Hi All, there were some great questions earlier about sequencing. Here are two additional tips: You want to match your expected DNA length to your sequencing chemistry. Illumina sequencing kits come in a few flavors depending on the instrument model, typically 100 cycle, 150 cycle, and 300 cycle kits. You can use these to sequence single end (SE) 100 bp, 150 bp, or 300 bp; or you can use them to do paired end (PE) sequencing of 2x50 bp, 2x75 bp, or 2x150 bp. Some sequencing centers also allow you to use the 300 cycle kit to do 2x100 bp. You want to match your sequencing chemistry to your DNA. For example, imagine you are sequencing a really important set of libraries on a NextSeq (with 2-color chemistry). Your TapeStation says that your mode DNA length is 60 bp (with some spread on either side). I’d recommend using 2x75 bp sequencing. That will allow you to sequence everything up to 150 bp, which is probably almost all of your data. This will maximize your sequencing efficiency and get high quality, high confidence data. You DO NOT want to sequence with 2x150 bp chemistry. Beyond being a waste of money (because you are paying for sequence data you won’t get), it will also reduce the calculated basecalling of the run and could cause it to fail. This is because by the time the instrument reaches cycle 120 or so, you will have probably already sequenced almost everything that is there and now most of the clusters will just be showing black. This will cause the instrument to have trouble locating the clusters, and the software is likely to interpret this as an error and stop the run or flag your run as failed. So, a good rule of thumb for ancient sequencing is as follows: 2x75 bp or 2x100 bp for ancient microbial DNA; 2x150 bp for modern DNA (for genomic DNA sheared to 500 bp). That will give you the best possible data.

Use paired end sequencing for microbial DNA. Although people doing human aDNA sequencing sometimes use SE sequencing, I STRONGLY recommend that you only use PE sequencing for microbial DNA. This is because de novo assembly works best with PE data. You can force de novo assemblers to use SE data, but it doesn’t work very well and will result in lower quality results. Also, by using PE data, you will achieve higher quality basecalling and have high quality sequences. So if you always PE sequence microbial DNA, you will have high quality data that you can also use to make MAGs (metagenome-assembled genomes).
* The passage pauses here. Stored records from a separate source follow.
lemma coeff_3_restrict_form:
  fixes c :: "nat \<Rightarrow> nat \<Rightarrow> 'a::alg_closed_field"
  shows "coeff (restrict_form 4 c P R) 3 = polar c R P"
  using restrict_form_swap_coeff[of 1 4 c R P] coeff_1_restrict_form[of c R P] by simp

lemma restrict_form_add_scaled:
  fixes c :: "nat \<Rightarrow> nat \<Rightarrow> 'a::alg_closed_field"
  shows "restrict_form d c (add_scaled P r R) R = pcompose (restrict_form d c P R) [:r, 1:]"
proof (rule poly_eqI_alg_closed)
  fix t
  have "add_scaled (add_scaled P r R) t R = add_scaled P (r + t) R"
    by (auto simp: add_scaled_def split: prod.splits) (simp_all add: algebra_simps)
  thus "poly (restrict_form d c (add_scaled P r R) R) t = poly (pcompose (restrict_form d c P R) [:r, 1:]) t"
    by (simp add: poly_restrict_form poly_pcompose)
qed


section \<open>Contact and bitangents over an algebraically closed field\<close>

definition has_contact :: "(nat \<Rightarrow> nat \<Rightarrow> 'a::alg_closed_field) \<Rightarrow> 'a \<times> 'a \<times> 'a \<Rightarrow> 'a \<times> 'a \<times> 'a \<Rightarrow> nat \<Rightarrow> bool" where
  "has_contact c l P m \<longleftrightarrow> on_line l P \<and>
     (\<exists>R. on_line l R \<and> indep3 P R \<and> restrict_form 4 c P R \<noteq> 0 \<and> order 0 (restrict_form 4 c P R) \<ge> m)"

definition is_bitangent :: "(nat \<Rightarrow> nat \<Rightarrow> 'a::alg_closed_field) \<Rightarrow> 'a \<times> 'a \<times> 'a \<Rightarrow> bool" where
  "is_bitangent c l \<longleftrightarrow> l \<noteq> (0, 0, 0) \<and>
     ((\<exists>P Q. has_contact c l P 2 \<and> has_contact c l Q 2 \<and> indep3 P Q) \<or>
      (\<exists>P. P \<noteq> (0, 0, 0) \<and> has_contact c l P 4))"

definition scale3 :: "'a::comm_ring_1 \<Rightarrow> 'a \<times> 'a \<times> 'a \<Rightarrow> 'a \<times> 'a \<times> 'a" where
  "scale3 \<mu> l = (\<mu> * fst l, \<mu> * fst (snd l), \<mu> * snd (snd l))"

definition unique_bitangent :: "(nat \<Rightarrow> nat \<Rightarrow> 'a::alg_closed_field) \<Rightarrow> 'a \<times> 'a \<times> 'a \<Rightarrow> bool" where
  "unique_bitangent c l \<longleftrightarrow> is_bitangent c l \<and> (\<forall>l'. is_bitangent c l' \<longrightarrow> (\<exists>\<mu>. l' = scale3 \<mu> l))"

lemma bitangent_iff_is_bitangent: "bitangent F l \<longleftrightarrow> is_bitangent (ac_form F) l"
  by (simp add: bitangent_def is_bitangent_def contact_ge_def has_contact_def
      restrict_line_eq_restrict_form)

lemma exactly_one_bitangent_iff: "exactly_one_bitangent F \<longleftrightarrow> (\<exists>l. unique_bitangent (ac_form F) l)"
  by (simp add: exactly_one_bitangent_def unique_bitangent_def bitangent_iff_is_bitangent scale3_def)

lemma is_bitangent_nonzero: "is_bitangent c l \<Longrightarrow> l \<noteq> (0, 0, 0)"
  by (simp add: is_bitangent_def)

lemma is_bitangent_map:
  assumes B: "is_bitangent c l" and "l' \<noteq> (0, 0, 0)"
    and indep3: "\<And>P Q. indep3 P Q \<Longrightarrow> indep3 (f P) (f Q)"
    and nonzero: "\<And>P. P \<noteq> (0, 0, 0) \<Longrightarrow> f P \<noteq> (0, 0, 0)"
    and contact: "\<And>P m. has_contact c l P m \<Longrightarrow> has_contact c' l' (f P) m"
  shows "is_bitangent c' l'"
proof -
  from B consider (two_points) P Q where "has_contact c l P 2" "has_contact c l Q 2" "indep3 P Q"
    | (one_point) P where "P \<noteq> (0, 0, 0)" "has_contact c l P 4" unfolding is_bitangent_def by blast
  thus ?thesis
  proof cases
    case two_points
    hence "has_contact c' l' (f P) 2" "has_contact c' l' (f Q) 2" "indep3 (f P) (f Q)"
      using contact indep3 by blast+
    thus ?thesis unfolding is_bitangent_def using \<open>l' \<noteq> (0, 0, 0)\<close> by blast
  next
    case one_point
    hence "has_contact c' l' (f P) 4" "f P \<noteq> (0, 0, 0)" using contact nonzero by blast+
    thus ?thesis unfolding is_bitangent_def using \<open>l' \<noteq> (0, 0, 0)\<close> by blast
  qed
qed

lemma on_line_add_scaled:
  assumes "on_line l P" "on_line l R" shows "on_line l (add_scaled P t R)"
proof -
  obtain l1 l2 l3 where L: "l = (l1, l2, l3)" by (cases l)
  obtain p1 p2 p3 where P: "P = (p1, p2, p3)" by (cases P)
  obtain r1 r2 r3 where R: "R = (r1, r2, r3)" by (cases R)
  have "l1 * (p1 + t * r1) + l2 * (p2 + t * r2) + l3 * (p3 + t * r3) =
        (l1 * p1 + l2 * p2 + l3 * p3) + t * (l1 * r1 + l2 * r2 + l3 * r3)"
    by (simp add: algebra_simps)
  thus ?thesis using assms by (simp add: L P R on_line_def add_scaled_def)
qed

lemma indep3_add_scaled_left: "indep3 (add_scaled P t R) R \<longleftrightarrow> indep3 P R"
  by (auto simp: indep3_def add_scaled_def split: prod.splits) (auto simp: algebra_simps)

lemma indep3_commute: "indep3 P R \<Longrightarrow> indep3 R P"
  by (auto simp: indep3_def split: prod.splits) (auto simp: algebra_simps)

lemma indep3_nonzero: "indep3 P R \<Longrightarrow> P \<noteq> (0, 0, 0)" "indep3 P R \<Longrightarrow> R \<noteq> (0, 0, 0)"
  by (auto simp: indep3_def)

lemma indep3_add_scaled:
  fixes P R :: "'a::field \<times> 'a \<times> 'a"
  assumes "r \<noteq> s" "indep3 P R" shows "indep3 (add_scaled P r R) (add_scaled P s R)"
proof -
  obtain p1 p2 p3 where P: "P = (p1, p2, p3)" by (cases P)
  obtain r1 r2 r3 where R: "R = (r1, r2, r3)" by (cases R)
  have "(p2 + r * r2) * (p3 + s * r3) - (p3 + r * r3) * (p2 + s * r2) = (s - r) * (p2 * r3 - p3 * r2)"
       "(p3 + r * r3) * (p1 + s * r1) - (p1 + r * r1) * (p3 + s * r3) = (s - r) * (p3 * r1 - p1 * r3)"
       "(p1 + r * r1) * (p2 + s * r2) - (p2 + r * r2) * (p1 + s * r1) = (s - r) * (p1 * r2 - p2 * r1)"
    by (simp_all add: algebra_simps)
  with assms show ?thesis unfolding P R indep3_def add_scaled_def by (simp only: prod.case) auto
qed

lemma has_contactI:
  fixes c :: "nat \<Rightarrow> nat \<Rightarrow> 'a::alg_closed_field"
  assumes "on_line l Q" "on_line l R" "indep3 Q R" "restrict_form 4 c Q R \<noteq> 0"
    and "monom 1 m dvd restrict_form 4 c Q R"
  shows "has_contact c l Q m"
  using assms monom_1_dvd_iff unfolding has_contact_def by blast

lemma has_contact_root:
  fixes c :: "nat \<Rightarrow> nat \<Rightarrow> 'a::alg_closed_field"
  assumes "on_line l P" "on_line l R" "indep3 P R" "restrict_form 4 c P R \<noteq> 0"
    and "[:-r, 1:] ^ m dvd restrict_form 4 c P R"
  shows "has_contact c l (add_scaled P r R) m"
proof (rule has_contactI[where R = R])
  show "restrict_form 4 c (add_scaled P r R) R \<noteq> 0"
    using assms(4) by (simp add: restrict_form_add_scaled pcompose_eq_0_iff)
  obtain h where h: "restrict_form 4 c P R = [:-r, 1:] ^ m * h" using assms(5) by (auto elim: dvdE)
  have base: "pcompose [:-r, 1:] [:r, 1:] = [:0, 1:]" by (simp add: pcompose_pCons)
  have "pcompose ([:-r, 1:] ^ k) [:r, 1:] = [:0, 1:] ^ k" for k
    by (induction k) (simp_all only: power_0 power_Suc pcompose_1 pcompose_mult base)
  hence "pcompose ([:-r, 1:] ^ m) [:r, 1:] = monom 1 m" by (simp add: monom_altdef)
  thus "monom 1 m dvd restrict_form 4 c (add_scaled P r R) R"
    by (simp add: restrict_form_add_scaled h pcompose_mult)
qed (use assms in \<open>auto simp: on_line_add_scaled indep3_add_scaled_left\<close>)

lemma char2_square_quadratic:
  fixes b0 b1 b2 t :: "'a::comm_ring_1"
  assumes "(2::'a) = 0"
  shows "(b0 + b1 * t + b2 * t^2)^2 = b0^2 + b1^2 * t^2 + b2^2 * t^4"
  by (simp add: eval_nat_numeral algebra_simps, simp add: char2_numeral[OF assms] algebra_simps)

lemma char2_square_if_odd_coeffs_vanish:
  fixes p :: "'a::alg_closed_field poly"
  assumes "(2::'a) = 0" "degree p \<le> 4" "coeff p 1 = 0" "coeff p 3 = 0"
  shows "\<exists>b0 b1 b2. p = [:b0, b1, b2:] ^ 2"
proof -
  obtain b0 b1 b2 where "b0 ^ 2 = coeff p 0" "b1 ^ 2 = coeff p 2" "b2 ^ 2 = coeff p 4"
    using nth_root_exists[of 2] by (metis zero_less_numeral)
  moreover have "p = [:b0, b1, b2:] ^ 2" if "b0 ^ 2 = coeff p 0" "b1 ^ 2 = coeff p 2" "b2 ^ 2 = coeff p 4"
  proof (rule poly_eqI_alg_closed)
    fix t
    have "poly p t = b0^2 + b1^2 * t^2 + b2^2 * t^4"
      using poly_eq_sum_coeff[OF assms(2), of t] assms(3,4) that
      by (simp add: numeral_eq_Suc atMost_Suc)
    also have "\<dots> = (b0 + b1 * t + b2 * t^2)^2" by (rule char2_square_quadratic[OF assms(1), symmetric])
    also have "\<dots> = poly ([:b0, b1, b2:] ^ 2) t" by (simp add: algebra_simps power2_eq_square)
    finally show "poly p t = poly ([:b0, b1, b2:] ^ 2) t" .
  qed
  ultimately show ?thesis by blast
qed

lemma degree_2_poly_factor:
  fixes g :: "'a::alg_closed_field poly"
  assumes "degree g = 2"
  obtains r1 r2 h where "g = [:-r1, 1:] * [:-r2, 1:] * h"
proof -
  obtain r1 where "poly g r1 = 0" using alg_closed_imp_poly_has_root[of g] assms by auto
  then obtain h where h: "g = [:-r1, 1:] * h" using poly_eq_0_iff_dvd by (metis dvdE)
  have "degree h = 1" using assms h degree_mult_eq[of "[:-r1, 1:]" h] by (cases "h = 0") auto
  then obtain r2 where "poly h r2 = 0" using alg_closed_imp_poly_has_root[of h] by auto
  then obtain h2 where h2: "h = [:-r2, 1:] * h2" using poly_eq_0_iff_dvd by (metis dvdE)
  show ?thesis by (rule that[of r1 r2 h2]) (simp only: h h2 mult.assoc)
qed

text \<open>\<open>R\<close> is the point at infinity of the parametrisation \<open>t \<mapsto> P + t R\<close>, so its contact order is
  read off from the top coefficients of the restriction.\<close>

lemma has_contact_at_infinity:
  fixes c :: "nat \<Rightarrow> nat \<Rightarrow> 'a::alg_closed_field"
  assumes "on_line l P" "on_line l R" "indep3 P R" "m \<le> 4"
    and "\<forall>k<m. coeff (restrict_form 4 c P R) (4 - k) = 0" "coeff (restrict_form 4 c P R) (4 - m) \<noteq> 0"
  shows "has_contact c l R m"
proof (rule has_contactI[OF assms(2,1) indep3_commute[OF assms(3)]])
  have swap: "coeff (restrict_form 4 c R P) k = coeff (restrict_form 4 c P R) (4 - k)" if "k \<le> 4" for k
    using restrict_form_swap_coeff[OF that] .
  show "restrict_form 4 c R P \<noteq> 0" using assms(4,6) swap[of m] by auto
  show "monom 1 m dvd restrict_form 4 c R P" unfolding monom_1_dvd_iff' using assms(4,5) swap by auto
qed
👍:skin_tone_4: Anan Ibrahim

👍 Tre Blohm, Jasmin Frangenberg, I-Ting Huang, Davide Bozzi, Nikolay Oskolkov, Percy Ho

Christina Warinner (warinner@shh.mpg.de)

2022-08-01 15:48:52

@channel Hi All, we’re gathering now for the Roundtable! Please return and turn on your webcams

Christina Warinner (warinner@shh.mpg.de)

2022-08-01 15:49:29

And everyone please take a seat at one of the tables

Laura Carrillo Olivas (laura-carrillo-olivas@hotmail.com)

2022-08-02 10:19:18

since yesterday I tried a couple of times do this step but I'm stuck, $ mkdir images $ while read filepath; do > echo "${filepath}" images/$(basename ${filepath}) > # mv ${filepath} images/$(basename ${filepath}) > done < File_names.txt it created the file but is empty ¿filepath is a variable?, in the presentation I din't find it, or I need to put a specific path?

James Fellows Yates (james_fellows_yates@eva.mpg.de)

2022-08-02 10:25:02

*Thread Reply:* @aidanva 👆

aidanva (aida.andrades@gmail.com)

2022-08-02 10:28:00

*Thread Reply:* Hi!

aidanva (aida.andrades@gmail.com)

2022-08-02 10:30:33

*Thread Reply:* so ${filepath} is indeed a variable, that stores a line of the File_names.txt

aidanva (aida.andrades@gmail.com)

2022-08-02 10:31:42

*Thread Reply:* the while loop will read one line at a time from File_names.txt, which will modify ${filepath} to be one line each time

aidanva (aida.andrades@gmail.com)

2022-08-02 10:32:05

*Thread Reply:* what does your file File_names.txt contain?

Laura Carrillo Olivas (laura-carrillo-olivas@hotmail.com)

2022-08-02 13:28:27

*Thread Reply:* is empty

aidanva (aida.andrades@gmail.com)

2022-08-02 13:29:54

*Thread Reply:* ah, that's why the while loop is not printing anything, you will need to run this before: suffix="jpg" find Boosted-BBB/ -type f -name "**${suffix}" > File_names.txt

aidanva (aida.andrades@gmail.com)

2022-08-02 13:30:16

*Thread Reply:* and check if the File_names.txt contains the path to your jpg files

aidanva (aida.andrades@gmail.com)

2022-08-02 13:30:35

*Thread Reply:* let me know if not, and we can continue to debug 🙂

Laura Carrillo Olivas (laura-carrillo-olivas@hotmail.com)

2022-08-04 23:22:48

*Thread Reply:* Thank you very much!! Do all the steps again and it worked!! To which email do I send the new script for the image sorting with new folders?

:mask_parrot: aidanva

James Fellows Yates (james_fellows_yates@eva.mpg.de)

2022-08-05 07:58:34

*Thread Reply:* aida_andrades@eva.mpg.de

👆 aidanva

aidanva (aida.andrades@gmail.com)

2022-08-05 08:27:35

*Thread Reply:* The one James indicated 🙂

James Fellows Yates (james_fellows_yates@eva.mpg.de)

2022-08-02 13:24:27

@channel Poll time:

Polly

2022-08-02 13:24:54

@James Fellows Yates has a polly for you!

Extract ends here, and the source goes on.